Geomorphological characterization of the 2014–2015 Holuhraun lava flow-field in Iceland

Abstract

The 2014–2015 Holuhraun eruption extruded >1 km3 of lava in a barren region of the Icelandic highlands. Due to its large volume and the abundance of data for this eruption, Holuhraun is an ideal site to investigate fissure-fed eruption products for comparison with other large lava flow-fields on Earth and other planetary bodies. To characterize lava morphologies associated with this event, we used 0.01–0.5 m/pixel image data, acquired from aerial surveys and small Unoccupied Aircraft Systems (sUAS) to create a 1:800-scale facies map that was ground-truthed using field observations during the summers of 2015–2019. Each facies region exhibits similar attributes in the remote sensing data, including albedo, surface texture, and geomorphology.
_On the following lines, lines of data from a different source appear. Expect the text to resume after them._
(* Let the radius distribution $f\in\mathrm{RV}_{-1}$ satisfy, for all $\beta\in(0,1)$, $$\limsup_{n\to\infty}\sup_{n^\beta\le x\le n}\frac{xf(x)}{nf(n)}<\infty\quad\text{and}\quad\limsup_{n\to\infty}\frac{\sum_{i=1}^{n^\beta}f(i)}{f(n)\,n\ln n}<\infty.$$ Then $$\lim_{\alpha\to0}\limsup_{n\to\infty}\mathbb{P}(T_nf(n)<\alpha)=0.$$
   Context: Covering process: $R$ takes values in $\{1,2,\dots\}$, $f(r)=\mathbb{P}(R\ge r)$ for real $r\ge1$. On $\mathbb{Z}/n\mathbb{Z}$, let $(R_k)$ be i.i.d. copies of $R$, $(U_k)$ i.i.d. uniform on $\mathbb{Z}/n\mathbb{Z}$, independent; $\mathcal{O}_k=\{U_k,\dots,U_k+R_k-1\}$ (mod $n$), $C_0=\emptyset$, $C_k=C_{k-1}\cup\mathcal{O}_k$; with an independent rate-one Poisson process $N(t)$, $X_t=C_{N(t)}$ and $T_n=\inf\{t:X_t=\mathbb{Z}/n\mathbb{Z}\}$. $U\in\mathrm{RV}_p$ means $\lim_{x\to\infty}U(xt)/U(x)=t^p$ for all $t>0$. *)

theory Defs
  imports "HOL-Probability.Probability"
begin

definition tailf :: "nat pmf \<Rightarrow> real \<Rightarrow> real" where
  "tailf R r = measure_pmf.prob R {k. r \<le> real k}"

definition RV :: "real \<Rightarrow> (real \<Rightarrow> real) \<Rightarrow> bool" where
  "RV p U \<longleftrightarrow> (\<forall>t>0. ((\<lambda>x. U (x * t) / U x) \<longlongrightarrow> t powr p) at_top)"

text \<open>One step of randomness: ((R_k, U_k), E_k), with R_k ~ R, U_k uniform on Z/nZ
  (represented by {0..<n}), and E_k ~ Exp(1) the k-th interarrival time of the
  rate-one Poisson process; all independent.\<close>
definition step_measure :: "nat pmf \<Rightarrow> nat \<Rightarrow> ((nat \<times> nat) \<times> real) measure" where
  "step_measure R n =
     measure_pmf (pair_pmf R (pmf_of_set {..<n})) \<Otimes>\<^sub>M density lborel (\<lambda>x. ennreal (exponential_density 1 x))"

definition cov_space :: "nat pmf \<Rightarrow> nat \<Rightarrow> (nat \<Rightarrow> (nat \<times> nat) \<times> real) measure" where
  "cov_space R n = PiM UNIV (\<lambda>_. step_measure R n)"

definition arc :: "nat \<Rightarrow> nat \<Rightarrow> nat \<Rightarrow> nat set" where
  "arc n u r = {(u + j) mod n | j. j < r}"

text \<open>C_m = O_1 \<union> ... \<union> O_m (the k-th arc uses the step with index k-1).\<close>
definition covered :: "nat \<Rightarrow> (nat \<Rightarrow> (nat \<times> nat) \<times> real) \<Rightarrow> nat \<Rightarrow> nat set" where
  "covered n \<omega> m = (\<Union>k<m. arc n (snd (fst (\<omega> k))) (fst (fst (\<omega> k))))"

text \<open>Poisson process N(t): number of arrivals S_j = E_0 + ... + E_(j-1), j \<ge> 1, up to time t.\<close>
definition poisson_count :: "(nat \<Rightarrow> (nat \<times> nat) \<times> real) \<Rightarrow> real \<Rightarrow> nat" where
  "poisson_count \<omega> t = card {j::nat. 1 \<le> j \<and> (\<Sum>i<j. snd (\<omega> i)) \<le> t}"

definition cover_time :: "nat \<Rightarrow> (nat \<Rightarrow> (nat \<times> nat) \<times> real) \<Rightarrow> real" where
  "cover_time n \<omega> = Inf {t. 0 \<le> t \<and> covered n \<omega> (poisson_count \<omega> t) = {..<n}}"

end

(* Put t = alpha / f(n). The arcs arrive at the jumps of the rate-one Poisson clock, so by an
   exponential Chernoff bound fewer than m + 1 arcs, m = ceil (2 t), arrive before time t except
   with probability exp (-(ln 4 - 1) t); hence P(T_n < t) is essentially the probability that m arcs
   already cover the cycle. The second moment method applied to the number of uncovered points bounds
   that probability by 1 / (n (1 - p_n)^m) plus a correlation term, where p_n = (f(1) + ... + f(n)) / n
   is the probability that one arc covers a given point; the correlation term is controlled by the
   probability that one arc covers two points at circular distance d. Splitting the sums at sqrt n,
   the hypotheses on f give p_n <= K f(n) ln n and a matching bound for the pair probabilities, so for
   12 K alpha < 1 the limit superior in n is at most 2 (exp (6 K alpha) / (1 - 6 K alpha) - 1),
   which vanishes as alpha -> 0. *)

theory Submission
  imports Defs
begin

lemma power_le_sq_power_mult_exp:
  fixes p Q :: real and m :: nat
  assumes "0 \<le> 1 - 2 * p + Q" "(1 - p)\<^sup>2 \<ge> 1/2" "0 \<le> Q"
  shows "(1 - 2 * p + Q) ^ m \<le> ((1 - p) ^ m)\<^sup>2 * exp (2 * real m * Q)"
proof -
  have pos: "(1 - p)\<^sup>2 > 0" using assms(2) by linarith
  have "(1 - p)\<^sup>2 * (1 + Q / (1 - p)\<^sup>2) = 1 - 2 * p + p\<^sup>2 + Q"
    using pos by (simp add: field_simps power2_diff)
  then have "1 - 2 * p + Q \<le> (1 - p)\<^sup>2 * (1 + Q / (1 - p)\<^sup>2)"
    using zero_le_power2[of p] by linarith
  also have "\<dots> \<le> (1 - p)\<^sup>2 * exp (Q / (1 - p)\<^sup>2)"
    using pos by (intro mult_left_mono) (auto simp: add.commute exp_ge_add_one_self)
  also have "\<dots> \<le> (1 - p)\<^sup>2 * exp (2 * Q)"
  proof -
    have "Q * 1 \<le> Q * (2 * (1 - p)\<^sup>2)"
      using assms(2,3) by (intro mult_left_mono) auto
    then have "Q / (1 - p)\<^sup>2 \<le> 2 * Q"
      using pos by (simp add: divide_le_eq mult_ac)
    then show ?thesis using pos by (intro mult_left_mono) auto
  qed
  finally have "(1 - 2 * p + Q) ^ m \<le> ((1 - p)\<^sup>2 * exp (2 * Q)) ^ m"
    by (rule power_mono[OF _ assms(1)])
  also have "\<dots> = ((1 - p) ^ m)\<^sup>2 * exp (2 * real m * Q)"
    by (simp add: power_mult_distrib exp_of_nat_mult[symmetric] power_even_eq[symmetric] mult_ac
        flip: power_mult)
  finally show ?thesis .
qed

lemma exp_neg_two_mult_le:
  fixes p :: real
  assumes "0 \<le> p" "p \<le> 1/2"
  shows "exp (- 2 * p) \<le> 1 - p"
proof -
  have "- p - 2 * p\<^sup>2 \<le> ln (1 - p)"
    by (rule ln_one_minus_pos_lower_bound) (use assms in auto)
  moreover have "p * (2 * p) \<le> p * 1"
    by (rule mult_left_mono) (use assms in auto)
  ultimately have "- 2 * p \<le> ln (1 - p)"
    by (simp add: power2_eq_square)
  then have "exp (- 2 * p) \<le> exp (ln (1 - p))"
    by simp
  also have "\<dots> = 1 - p"
    using assms by simp
  finally show ?thesis .
qed

lemma exp_div_two_power_le:
  fixes t :: real
  assumes "2 * t \<le> real m"
  shows "exp t / 2 ^ Suc m \<le> exp (- (ln 4 - 1) * t)"
proof -
  have "exp (2 * t * ln 2) \<le> exp (real (Suc m) * ln 2)"
    using assms by simp
  also have "\<dots> = 2 ^ Suc m"
    by (subst exp_of_nat_mult) simp
  finally have "exp t / 2 ^ Suc m \<le> exp t / exp (2 * t * ln 2)"
    by (intro divide_left_mono) auto
  also have "\<dots> = exp (- (ln 4 - 1) * t)"
    using ln_realpow[of 2 2] by (simp add: exp_diff[symmetric] algebra_simps)
  finally show ?thesis .
qed

lemma one_less_ln_4: "1 < ln (4::real)"
proof -
  have "exp 1 < (4::real)"
    using exp_le by linarith
  then have "ln (exp 1) < ln (4::real)"
    by (subst ln_less_cancel_iff) auto
  then show ?thesis
    by simp
qed

lemma sum_inverse_le_ln:
  assumes "1 \<le> a" "a \<le> b"
  shows "(\<Sum>i\<in>{a<..b}. 1 / real i) \<le> ln (real b) - ln (real a)"
  using assms(2)
proof (induct b rule: dec_induct)
  case (step k)
  have k: "1 \<le> k" using step assms by simp
  have "ln (real k / real (Suc k)) \<le> real k / real (Suc k) - 1"
    using k by (intro ln_le_minus_one) auto
  also have "\<dots> = - (1 / real (Suc k))" by (simp add: field_simps)
  finally have "1 / real (Suc k) \<le> ln (real (Suc k)) - ln (real k)"
    using k by (simp add: ln_div)
  moreover have "{a<..Suc k} = insert (Suc k) {a<..k}" using step by auto
  ultimately show ?case using step by simp
qed simp

lemma sum_powr_neg_le:
  assumes g: "0 \<le> g" "g < 1"
  shows "(\<Sum>d=1..N. real d powr (- g)) \<le> real N powr (1 - g) / (1 - g)"
proof (induct N)
  case (Suc N)
  show ?case
  proof (cases "N = 0")
    case False
    then have N: "1 \<le> real N" by simp
    obtain z where z: "real N < z" "z < real (Suc N)"
      "real (Suc N) powr (1 - g) - real N powr (1 - g) = (1 - g) * z powr (- g)"
      using MVT2[of "real N" "real (Suc N)" "\<lambda>x. x powr (1 - g)" "\<lambda>x. (1 - g) * x powr (1 - g - 1)"] N
      by (force intro!: derivative_eq_intros)
    have "real (Suc N) powr (- g) \<le> z powr (- g)"
      using z N g by (intro powr_mono2') auto
    then have "(1 - g) * real (Suc N) powr (- g) \<le> real (Suc N) powr (1 - g) - real N powr (1 - g)"
      using z(3) g by (simp add: mult_left_mono)
    then have "real (Suc N) powr (- g) \<le> (real (Suc N) powr (1 - g) - real N powr (1 - g)) / (1 - g)"
      using g by (simp add: field_simps)
    then show ?thesis using Suc by (simp add: diff_divide_distrib)
  qed (use g in \<open>simp add: field_simps\<close>)
qed simp

lemma sum_scaled_powr_neg_le:
  assumes g: "0 \<le> g" "g < 1" and n: "1 \<le> n"
  shows "(\<Sum>d=1..n-1. exp g * real n powr g * real d powr (- g) - 1) \<le> real n * (exp g / (1 - g) - 1) + 1"
proof -
  have "(\<Sum>d=1..n-1. exp g * real n powr g * real d powr (- g) - 1)
      = exp g * real n powr g * (\<Sum>d=1..n-1. real d powr (- g)) - real (n - 1)"
    by (simp add: sum_subtractf sum_distrib_left)
  also have "\<dots> \<le> exp g * real n powr g * (real (n - 1) powr (1 - g) / (1 - g)) - real (n - 1)"
    using sum_powr_neg_le[OF g, of "n - 1"] by (intro diff_right_mono mult_left_mono) auto
  also have "\<dots> \<le> exp g * real n powr g * (real n powr (1 - g) / (1 - g)) - real (n - 1)"
    using g by (intro diff_right_mono mult_left_mono divide_right_mono powr_mono2) auto
  also have "exp g * real n powr g * (real n powr (1 - g) / (1 - g)) = exp g * real n / (1 - g)"
    using n by (simp add: powr_add[symmetric])
  also have "\<dots> - real (n - 1) = real n * (exp g / (1 - g) - 1) + 1"
    using n g by (simp add: field_simps of_nat_diff)
  finally show ?thesis .
qed

lemma card_less_le:
  fixes y :: real
  assumes "0 \<le> y"
  shows "real (card {d\<in>{1..N}. real d < y}) \<le> y"
proof -
  have "{d\<in>{1..N}. real d < y} \<subseteq> {1..nat \<lfloor>y\<rfloor>}"
    using assms by (auto simp: le_nat_floor)
  then have "card {d\<in>{1..N}. real d < y} \<le> nat \<lfloor>y\<rfloor>"
    using card_mono[of "{1..nat \<lfloor>y\<rfloor>}"] by fastforce
  then show ?thesis
    using assms by linarith
qed

lemma eventually_less_of_Limsup:
  fixes X :: "nat \<Rightarrow> ereal"
  assumes "limsup X < \<infinity>"
  obtains B :: real where "eventually (\<lambda>n. X n < ereal B) sequentially"
proof -
  obtain k :: nat where "limsup X < ereal (real k)"
    using assms less_PInf_Ex_of_nat by auto
  then show thesis using Limsup_lessD that by blast
qed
However, at our mapping scale of 1:800, the facies typically include mixtures of lava types. Results show that transitional lava types (e.g., rubbly pāhoehoe, slabby pāhoehoe, and spiny pāhoehoe) dominate the 2014–2015 Holuhraun lava flow-field (83.82 km2), rather than the traditional end-members of ʻaʻā and classical pāhoehoe. At 1:800-scale, we distinguish the following eight facies (with the percentage of total flow-field area shown in parentheses): rubbly (57.35%), spiny (25.96%), undifferentiated rubbly–spiny (9.59%), shelly (5.58%), pāhoehoe (1.24%), flat-lying–knobby (0.58%), vent-proximal edifice (0.19%), and channel interior (0.16%). Field observations show that initial coherent pāhoehoe surfaces were episodically disrupted to produce slabby and rubbly textures that resemble ʻaʻā in remote sensing data. Our observations also show that continued solidification of the lava beneath brecciated surfaces can cause the surfaces of disrupted lobes to stabilize, or restabilize and undergo inflation. These factors complicate the use of surface texture as a direct indicator of emplacement style, which can change over the course of an eruption. This complexity has important implications for reconstructing the emplacement history of flow-fields on Earth and other planetary bodies.